Stored data:
━━━━━━━━━━━━━━━━
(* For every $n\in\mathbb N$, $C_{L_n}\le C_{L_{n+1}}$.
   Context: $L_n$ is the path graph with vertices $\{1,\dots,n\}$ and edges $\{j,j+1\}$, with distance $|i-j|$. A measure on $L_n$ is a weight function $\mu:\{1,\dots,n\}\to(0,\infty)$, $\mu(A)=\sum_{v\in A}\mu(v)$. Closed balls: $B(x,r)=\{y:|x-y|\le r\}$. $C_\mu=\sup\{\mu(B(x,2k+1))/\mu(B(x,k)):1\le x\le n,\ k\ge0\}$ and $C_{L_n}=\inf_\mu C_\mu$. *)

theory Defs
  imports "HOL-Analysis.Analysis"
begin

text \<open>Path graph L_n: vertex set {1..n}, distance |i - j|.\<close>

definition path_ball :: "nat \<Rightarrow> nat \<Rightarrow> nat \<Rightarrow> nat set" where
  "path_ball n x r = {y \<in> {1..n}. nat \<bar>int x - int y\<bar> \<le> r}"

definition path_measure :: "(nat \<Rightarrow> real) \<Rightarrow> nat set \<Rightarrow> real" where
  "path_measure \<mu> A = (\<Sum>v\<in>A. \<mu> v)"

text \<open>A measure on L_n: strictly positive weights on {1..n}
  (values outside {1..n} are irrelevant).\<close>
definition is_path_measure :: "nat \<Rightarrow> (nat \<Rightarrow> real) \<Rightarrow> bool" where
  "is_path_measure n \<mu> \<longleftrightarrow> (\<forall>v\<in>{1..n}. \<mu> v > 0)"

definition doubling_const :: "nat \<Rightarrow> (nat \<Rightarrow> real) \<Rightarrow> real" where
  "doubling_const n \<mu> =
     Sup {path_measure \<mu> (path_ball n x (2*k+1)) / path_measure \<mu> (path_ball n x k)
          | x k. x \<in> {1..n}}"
━━━━━━━━━━━━━━━━
WHAT THE TASK ASKS: Each entry must be reproduced verbatim.

EXERCISE ANSWER:
(* For every $n\in\mathbb N$, $C_{L_n}\le C_{L_{n+1}}$.
   Context: $L_n$ is the path graph with vertices $\{1,\dots,n\}$ and edges $\{j,j+1\}$, with distance $|i-j|$. A measure on $L_n$ is a weight function $\mu:\{1,\dots,n\}\to(0,\infty)$, $\mu(A)=\sum_{v\in A}\mu(v)$. Closed balls: $B(x,r)=\{y:|x-y|\le r\}$. $C_\mu=\sup\{\mu(B(x,2k+1))/\mu(B(x,k)):1\le x\le n,\ k\ge0\}$ and $C_{L_n}=\inf_\mu C_\mu$. *)

theory Defs
  imports "HOL-Analysis.Analysis"
begin

text \<open>Path graph L_n: vertex set {1..n}, distance |i - j|.\<close>

definition path_ball :: "nat \<Rightarrow> nat \<Rightarrow> nat \<Rightarrow> nat set" where
  "path_ball n x r = {y \<in> {1..n}. nat \<bar>int x - int y\<bar> \<le> r}"

definition path_measure :: "(nat \<Rightarrow> real) \<Rightarrow> nat set \<Rightarrow> real" where
  "path_measure \<mu> A = (\<Sum>v\<in>A. \<mu> v)"

text \<open>A measure on L_n: strictly positive weights on {1..n}
  (values outside {1..n} are irrelevant).\<close>
definition is_path_measure :: "nat \<Rightarrow> (nat \<Rightarrow> real) \<Rightarrow> bool" where
  "is_path_measure n \<mu> \<longleftrightarrow> (\<forall>v\<in>{1..n}. \<mu> v > 0)"

definition doubling_const :: "nat \<Rightarrow> (nat \<Rightarrow> real) \<Rightarrow> real" where
  "doubling_const n \<mu> =
     Sup {path_measure \<mu> (path_ball n x (2*k+1)) / path_measure \<mu> (path_ball n x k)
          | x k. x \<in> {1..n}}"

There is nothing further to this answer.